» What to do
Among the lines below, take the one holding "Context: Idempotents $e,f$", the one holding "e \<longleftrightarrow> e", and all lines between them. Set them down exactly.

» Supplied material
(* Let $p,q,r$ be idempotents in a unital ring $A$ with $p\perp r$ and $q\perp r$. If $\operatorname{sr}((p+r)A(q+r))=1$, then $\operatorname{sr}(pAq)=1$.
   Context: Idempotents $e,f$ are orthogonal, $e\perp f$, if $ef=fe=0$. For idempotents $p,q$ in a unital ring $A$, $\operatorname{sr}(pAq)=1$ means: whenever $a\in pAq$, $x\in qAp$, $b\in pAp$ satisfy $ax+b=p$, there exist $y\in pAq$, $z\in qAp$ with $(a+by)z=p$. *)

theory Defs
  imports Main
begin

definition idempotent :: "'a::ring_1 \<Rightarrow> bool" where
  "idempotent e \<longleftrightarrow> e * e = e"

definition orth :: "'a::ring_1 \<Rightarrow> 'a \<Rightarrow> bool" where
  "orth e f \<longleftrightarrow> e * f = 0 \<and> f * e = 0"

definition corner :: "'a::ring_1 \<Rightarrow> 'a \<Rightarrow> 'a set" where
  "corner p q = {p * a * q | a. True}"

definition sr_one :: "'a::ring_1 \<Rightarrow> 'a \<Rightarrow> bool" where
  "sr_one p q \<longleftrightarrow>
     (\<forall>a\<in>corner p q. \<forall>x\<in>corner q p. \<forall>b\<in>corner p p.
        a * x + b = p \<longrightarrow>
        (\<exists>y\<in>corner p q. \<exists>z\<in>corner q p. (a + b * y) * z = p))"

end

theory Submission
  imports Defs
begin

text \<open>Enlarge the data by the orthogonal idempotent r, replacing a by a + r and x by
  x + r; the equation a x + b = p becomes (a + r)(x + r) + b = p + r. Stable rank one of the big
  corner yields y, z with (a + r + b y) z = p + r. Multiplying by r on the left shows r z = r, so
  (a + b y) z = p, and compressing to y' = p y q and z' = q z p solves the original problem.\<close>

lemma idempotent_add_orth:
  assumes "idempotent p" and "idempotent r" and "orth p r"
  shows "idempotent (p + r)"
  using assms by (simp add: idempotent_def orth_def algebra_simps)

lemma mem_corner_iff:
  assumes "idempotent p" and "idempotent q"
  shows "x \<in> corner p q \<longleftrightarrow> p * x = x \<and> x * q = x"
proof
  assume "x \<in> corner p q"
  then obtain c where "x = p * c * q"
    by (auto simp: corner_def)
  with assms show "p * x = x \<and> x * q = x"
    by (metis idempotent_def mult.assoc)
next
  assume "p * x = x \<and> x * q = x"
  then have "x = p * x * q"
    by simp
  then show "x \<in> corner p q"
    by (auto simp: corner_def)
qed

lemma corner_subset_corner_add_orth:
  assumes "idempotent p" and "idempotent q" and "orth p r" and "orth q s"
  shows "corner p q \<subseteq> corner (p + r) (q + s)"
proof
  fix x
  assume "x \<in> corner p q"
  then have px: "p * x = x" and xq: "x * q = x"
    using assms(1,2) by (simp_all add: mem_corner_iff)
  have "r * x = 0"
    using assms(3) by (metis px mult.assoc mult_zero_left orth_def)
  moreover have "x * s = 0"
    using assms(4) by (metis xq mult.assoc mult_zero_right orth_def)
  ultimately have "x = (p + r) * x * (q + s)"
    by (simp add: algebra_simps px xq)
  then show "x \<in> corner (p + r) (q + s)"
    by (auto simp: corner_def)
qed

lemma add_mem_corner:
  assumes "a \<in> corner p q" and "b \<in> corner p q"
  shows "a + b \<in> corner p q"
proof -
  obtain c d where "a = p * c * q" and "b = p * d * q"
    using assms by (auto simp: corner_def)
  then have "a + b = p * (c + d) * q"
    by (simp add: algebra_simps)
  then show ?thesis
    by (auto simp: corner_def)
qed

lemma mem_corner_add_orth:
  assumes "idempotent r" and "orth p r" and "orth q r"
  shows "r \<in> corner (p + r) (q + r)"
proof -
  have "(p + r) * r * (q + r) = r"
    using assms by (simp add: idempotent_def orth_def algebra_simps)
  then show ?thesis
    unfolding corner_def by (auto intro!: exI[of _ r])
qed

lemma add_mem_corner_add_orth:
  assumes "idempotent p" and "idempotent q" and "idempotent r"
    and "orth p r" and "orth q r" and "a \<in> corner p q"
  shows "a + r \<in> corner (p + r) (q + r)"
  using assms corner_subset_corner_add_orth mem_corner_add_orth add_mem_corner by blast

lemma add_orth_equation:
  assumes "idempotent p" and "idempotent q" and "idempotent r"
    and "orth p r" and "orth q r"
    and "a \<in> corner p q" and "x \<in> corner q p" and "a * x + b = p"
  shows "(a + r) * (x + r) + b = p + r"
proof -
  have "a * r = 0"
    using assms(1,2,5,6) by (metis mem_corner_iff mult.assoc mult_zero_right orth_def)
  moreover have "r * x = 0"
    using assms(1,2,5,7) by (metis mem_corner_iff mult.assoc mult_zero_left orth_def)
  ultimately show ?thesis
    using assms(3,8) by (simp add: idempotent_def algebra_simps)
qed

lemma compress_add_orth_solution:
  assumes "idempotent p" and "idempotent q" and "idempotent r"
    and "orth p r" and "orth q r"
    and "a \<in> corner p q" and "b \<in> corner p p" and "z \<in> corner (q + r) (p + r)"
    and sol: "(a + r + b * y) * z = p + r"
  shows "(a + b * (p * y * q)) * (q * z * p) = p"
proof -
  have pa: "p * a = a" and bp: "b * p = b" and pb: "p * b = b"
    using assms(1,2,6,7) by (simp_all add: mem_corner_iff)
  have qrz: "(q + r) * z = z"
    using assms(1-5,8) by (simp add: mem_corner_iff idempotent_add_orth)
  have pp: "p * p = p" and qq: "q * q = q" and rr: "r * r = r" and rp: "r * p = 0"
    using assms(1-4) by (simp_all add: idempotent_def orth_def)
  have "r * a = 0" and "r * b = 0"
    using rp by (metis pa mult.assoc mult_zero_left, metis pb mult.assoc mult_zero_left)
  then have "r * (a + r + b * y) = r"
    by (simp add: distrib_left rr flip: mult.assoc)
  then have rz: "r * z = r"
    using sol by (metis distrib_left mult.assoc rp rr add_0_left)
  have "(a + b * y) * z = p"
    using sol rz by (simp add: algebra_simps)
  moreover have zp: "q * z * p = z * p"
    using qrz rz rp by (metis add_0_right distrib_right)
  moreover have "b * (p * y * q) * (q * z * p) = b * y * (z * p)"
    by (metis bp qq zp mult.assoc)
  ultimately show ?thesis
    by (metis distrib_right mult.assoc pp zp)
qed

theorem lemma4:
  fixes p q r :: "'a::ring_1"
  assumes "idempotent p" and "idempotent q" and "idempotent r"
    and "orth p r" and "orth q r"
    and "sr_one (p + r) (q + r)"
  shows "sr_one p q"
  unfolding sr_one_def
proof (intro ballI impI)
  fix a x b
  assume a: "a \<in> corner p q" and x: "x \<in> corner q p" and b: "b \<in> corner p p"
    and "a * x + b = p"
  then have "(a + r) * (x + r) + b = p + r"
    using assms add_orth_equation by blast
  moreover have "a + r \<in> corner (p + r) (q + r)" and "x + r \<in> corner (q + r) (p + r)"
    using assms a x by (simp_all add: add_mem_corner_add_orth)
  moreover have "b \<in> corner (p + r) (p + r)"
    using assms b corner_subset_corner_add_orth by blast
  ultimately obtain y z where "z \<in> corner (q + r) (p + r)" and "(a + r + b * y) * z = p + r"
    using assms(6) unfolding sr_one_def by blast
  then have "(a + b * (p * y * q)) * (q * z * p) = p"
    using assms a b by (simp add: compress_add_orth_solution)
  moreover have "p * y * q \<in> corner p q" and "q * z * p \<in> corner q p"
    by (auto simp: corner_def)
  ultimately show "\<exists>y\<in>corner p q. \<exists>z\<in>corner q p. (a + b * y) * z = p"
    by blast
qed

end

==

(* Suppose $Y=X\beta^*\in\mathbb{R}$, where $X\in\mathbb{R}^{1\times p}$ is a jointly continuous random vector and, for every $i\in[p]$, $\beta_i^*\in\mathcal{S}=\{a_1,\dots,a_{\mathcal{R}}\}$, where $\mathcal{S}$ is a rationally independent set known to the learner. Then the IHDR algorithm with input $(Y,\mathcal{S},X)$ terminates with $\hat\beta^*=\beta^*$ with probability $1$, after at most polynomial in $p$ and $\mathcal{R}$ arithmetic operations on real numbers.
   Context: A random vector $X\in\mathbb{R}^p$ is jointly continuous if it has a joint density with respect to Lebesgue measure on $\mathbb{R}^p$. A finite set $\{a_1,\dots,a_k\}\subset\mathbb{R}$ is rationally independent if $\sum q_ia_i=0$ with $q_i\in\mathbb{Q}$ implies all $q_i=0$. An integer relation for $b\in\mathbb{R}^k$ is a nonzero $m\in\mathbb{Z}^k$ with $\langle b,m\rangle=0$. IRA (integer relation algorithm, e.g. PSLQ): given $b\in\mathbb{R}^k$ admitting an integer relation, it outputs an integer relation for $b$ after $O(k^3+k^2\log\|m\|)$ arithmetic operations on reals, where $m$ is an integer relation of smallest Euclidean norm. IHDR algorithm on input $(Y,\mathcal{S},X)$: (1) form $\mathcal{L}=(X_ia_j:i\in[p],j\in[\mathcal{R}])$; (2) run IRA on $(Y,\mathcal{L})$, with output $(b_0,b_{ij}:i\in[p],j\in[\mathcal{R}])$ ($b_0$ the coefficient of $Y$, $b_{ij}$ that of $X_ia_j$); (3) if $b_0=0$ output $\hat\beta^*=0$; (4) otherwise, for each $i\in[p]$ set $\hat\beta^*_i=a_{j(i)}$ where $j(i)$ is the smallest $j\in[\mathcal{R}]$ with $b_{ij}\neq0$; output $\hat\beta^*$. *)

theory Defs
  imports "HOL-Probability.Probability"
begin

--

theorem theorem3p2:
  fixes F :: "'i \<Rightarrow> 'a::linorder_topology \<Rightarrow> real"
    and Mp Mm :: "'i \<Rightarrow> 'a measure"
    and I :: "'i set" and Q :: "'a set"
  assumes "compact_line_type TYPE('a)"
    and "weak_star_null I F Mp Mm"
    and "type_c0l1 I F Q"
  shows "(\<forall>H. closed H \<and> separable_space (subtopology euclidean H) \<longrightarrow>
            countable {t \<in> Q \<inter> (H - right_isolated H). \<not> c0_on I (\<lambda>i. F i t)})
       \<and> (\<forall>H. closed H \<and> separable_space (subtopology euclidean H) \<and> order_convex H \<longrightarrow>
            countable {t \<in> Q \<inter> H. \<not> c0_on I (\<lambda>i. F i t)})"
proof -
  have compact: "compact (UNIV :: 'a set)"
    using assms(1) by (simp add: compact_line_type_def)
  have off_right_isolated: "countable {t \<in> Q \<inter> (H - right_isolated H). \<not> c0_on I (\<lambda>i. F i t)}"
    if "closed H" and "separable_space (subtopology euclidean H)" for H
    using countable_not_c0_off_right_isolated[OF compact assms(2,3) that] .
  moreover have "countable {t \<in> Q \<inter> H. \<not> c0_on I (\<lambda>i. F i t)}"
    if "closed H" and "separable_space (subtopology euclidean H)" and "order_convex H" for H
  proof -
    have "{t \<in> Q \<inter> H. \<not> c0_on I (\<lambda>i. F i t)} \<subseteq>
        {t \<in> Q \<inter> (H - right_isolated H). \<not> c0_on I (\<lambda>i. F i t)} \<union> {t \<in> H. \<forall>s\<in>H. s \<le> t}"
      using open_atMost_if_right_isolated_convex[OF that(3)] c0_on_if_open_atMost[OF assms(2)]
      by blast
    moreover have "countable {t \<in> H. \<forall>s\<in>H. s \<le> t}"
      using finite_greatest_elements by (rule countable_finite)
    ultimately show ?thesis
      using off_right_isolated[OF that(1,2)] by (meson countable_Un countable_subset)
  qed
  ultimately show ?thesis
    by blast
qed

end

» Answer to this problem
   Context: Idempotents $e,f$ are orthogonal, $e\perp f$, if $ef=fe=0$. For idempotents $p,q$ in a unital ring $A$, $\operatorname{sr}(pAq)=1$ means: whenever $a\in pAq$, $x\in qAp$, $b\in pAp$ satisfy $ax+b=p$, there exist $y\in pAq$, $z\in qAp$ with $(a+by)z=p$. *)

theory Defs
  imports Main
begin

definition idempotent :: "'a::ring_1 \<Rightarrow> bool" where
  "idempotent e \<longleftrightarrow> e * e = e"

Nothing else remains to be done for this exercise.